Output the line with "k m \<omega>" and every line below it until the listing ends, exactly as written and with nothing added.

======

section \<open>Covariances and the variance\<close>

lemma sum_sum_le_of_band_decay:
  fixes c T :: "nat \<Rightarrow> nat \<Rightarrow> real"
  assumes T_nonneg: "\<And>j t. 0 \<le> T j t" and T_sum: "\<And>j. (\<Sum>t<n. T j t) \<le> B"
    and c_commute: "\<And>i j. c i j = c j i" and c_le_1: "\<And>i j. c i j \<le> 1"
    and c_far: "\<And>i j. i + k \<le> j \<Longrightarrow> j \<le> n \<Longrightarrow> c i j \<le> T j (j - (i + k))"
  shows "(\<Sum>i\<in>{1..n}. \<Sum>j\<in>{1..n}. c i j) \<le> 2 * real n * B + 2 * real k * real n"
proof -
  define far where "far i j = (if i + k \<le> j then T j (j - (i + k)) else 0)" for i j
  define near where "near i j = (if i < j + k \<and> j < i + k then 1 else 0 :: real)" for i j
  have c_le: "c i j \<le> far i j + far j i + near i j" if "i \<le> n" "j \<le> n" for i j
  proof -
    have nonneg: "0 \<le> far i j" "0 \<le> far j i" "0 \<le> near i j"
      by (simp_all add: far_def near_def T_nonneg)
    consider "i + k \<le> j" | "j + k \<le> i" | "i < j + k \<and> j < i + k" by linarith
    then show ?thesis
    proof cases
      case 1
      then show ?thesis using c_far[of i j] nonneg that by (simp add: far_def)
    next
      case 2
      then show ?thesis using c_far[of j i] c_commute[of i j] nonneg that by (simp add: far_def)
    next
      case 3
      then show ?thesis using c_le_1[of i j] nonneg by (simp add: near_def)
    qed
  qed
  have far_col: "(\<Sum>i\<in>{1..n}. far i j) \<le> B" if "j \<le> n" for j
  proof -
    define S where "S = {i\<in>{1..n}. i + k \<le> j}"
    have "(\<Sum>i\<in>{1..n}. far i j) = (\<Sum>i\<in>S. T j (j - (i + k)))"
      unfolding far_def S_def by (rule sum.inter_filter[symmetric]) simp
    also have "\<dots> = (\<Sum>t\<in>(\<lambda>i. j - (i + k)) ` S. T j t)"
      by (rule sum.reindex[symmetric, unfolded comp_def]) (auto simp: inj_on_def S_def)
    also have "\<dots> \<le> (\<Sum>t<n. T j t)"
      using that by (intro sum_mono2) (auto simp: S_def T_nonneg)
    finally show ?thesis using T_sum[of j] by linarith
  qed
  have far_sum: "(\<Sum>i\<in>{1..n}. \<Sum>j\<in>{1..n}. far i j) \<le> real n * B"
  proof -
    have "(\<Sum>i\<in>{1..n}. \<Sum>j\<in>{1..n}. far i j) = (\<Sum>j\<in>{1..n}. \<Sum>i\<in>{1..n}. far i j)"
      by (rule sum.swap)
    also have "\<dots> \<le> (\<Sum>j\<in>{1..n}. B)"
      by (intro sum_mono far_col) simp
    finally show ?thesis by simp
  qed
  have near_row: "(\<Sum>j\<in>{1..n}. near i j) \<le> 2 * real k" for i
  proof -
    have "(\<Sum>j\<in>{1..n}. near i j) = (\<Sum>j\<in>{j\<in>{1..n}. i < j + k \<and> j < i + k}. 1)"
      unfolding near_def by (rule sum.inter_filter[symmetric]) simp
    also have "\<dots> = real (card {j\<in>{1..n}. i < j + k \<and> j < i + k})"
      by simp
    also have "card {j\<in>{1..n}. i < j + k \<and> j < i + k} \<le> card {i - k..<i + k}"
      by (rule card_mono) auto
    finally show ?thesis by simp
  qed
  have "(\<Sum>i\<in>{1..n}. \<Sum>j\<in>{1..n}. c i j)
      \<le> (\<Sum>i\<in>{1..n}. \<Sum>j\<in>{1..n}. far i j) + (\<Sum>i\<in>{1..n}. \<Sum>j\<in>{1..n}. far j i)
        + (\<Sum>i\<in>{1..n}. \<Sum>j\<in>{1..n}. near i j)"
    unfolding sum.distrib[symmetric] by (intro sum_mono c_le) auto
  also have "\<dots> \<le> real n * B + real n * B + real n * (2 * real k)"
  proof -
    have "(\<Sum>i\<in>{1..n}. \<Sum>j\<in>{1..n}. far j i) = (\<Sum>i\<in>{1..n}. \<Sum>j\<in>{1..n}. far i j)"
      by (rule sum.swap)
    moreover have "(\<Sum>i\<in>{1..n}. \<Sum>j\<in>{1..n}. near i j) \<le> real n * (2 * real k)"
      using sum_mono[of "{1..n}" _ "\<lambda>_. 2 * real k", OF near_row] by simp
    ultimately show ?thesis
      using far_sum by linarith
  qed
  finally show ?thesis by (simp add: algebra_simps)
qed

definition list_Sbar :: "nat \<Rightarrow> nat \<Rightarrow> nat \<Rightarrow> bool list \<Rightarrow> real" where
  "list_Sbar n k m xs = (1 / real n) * (\<Sum>i=1..n. window_ind k m i xs)"

lemma Sbar_eq_list_Sbar: "Sbar n k m \<omega> = list_Sbar n k m (stake (n + k) \<omega>)"
  unfolding Sbar_def list_Sbar_def
  by (intro arg_cong[where f = "\<lambda>x. _ * x"] sum.cong) (auto intro: Yv_eq_window_ind)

======

** Written response **
lemma Sbar_eq_list_Sbar: "Sbar n k m \<omega> = list_Sbar n k m (stake (n + k) \<omega>)"
  unfolding Sbar_def list_Sbar_def
  by (intro arg_cong[where f = "\<lambda>x. _ * x"] sum.cong) (auto intro: Yv_eq_window_ind)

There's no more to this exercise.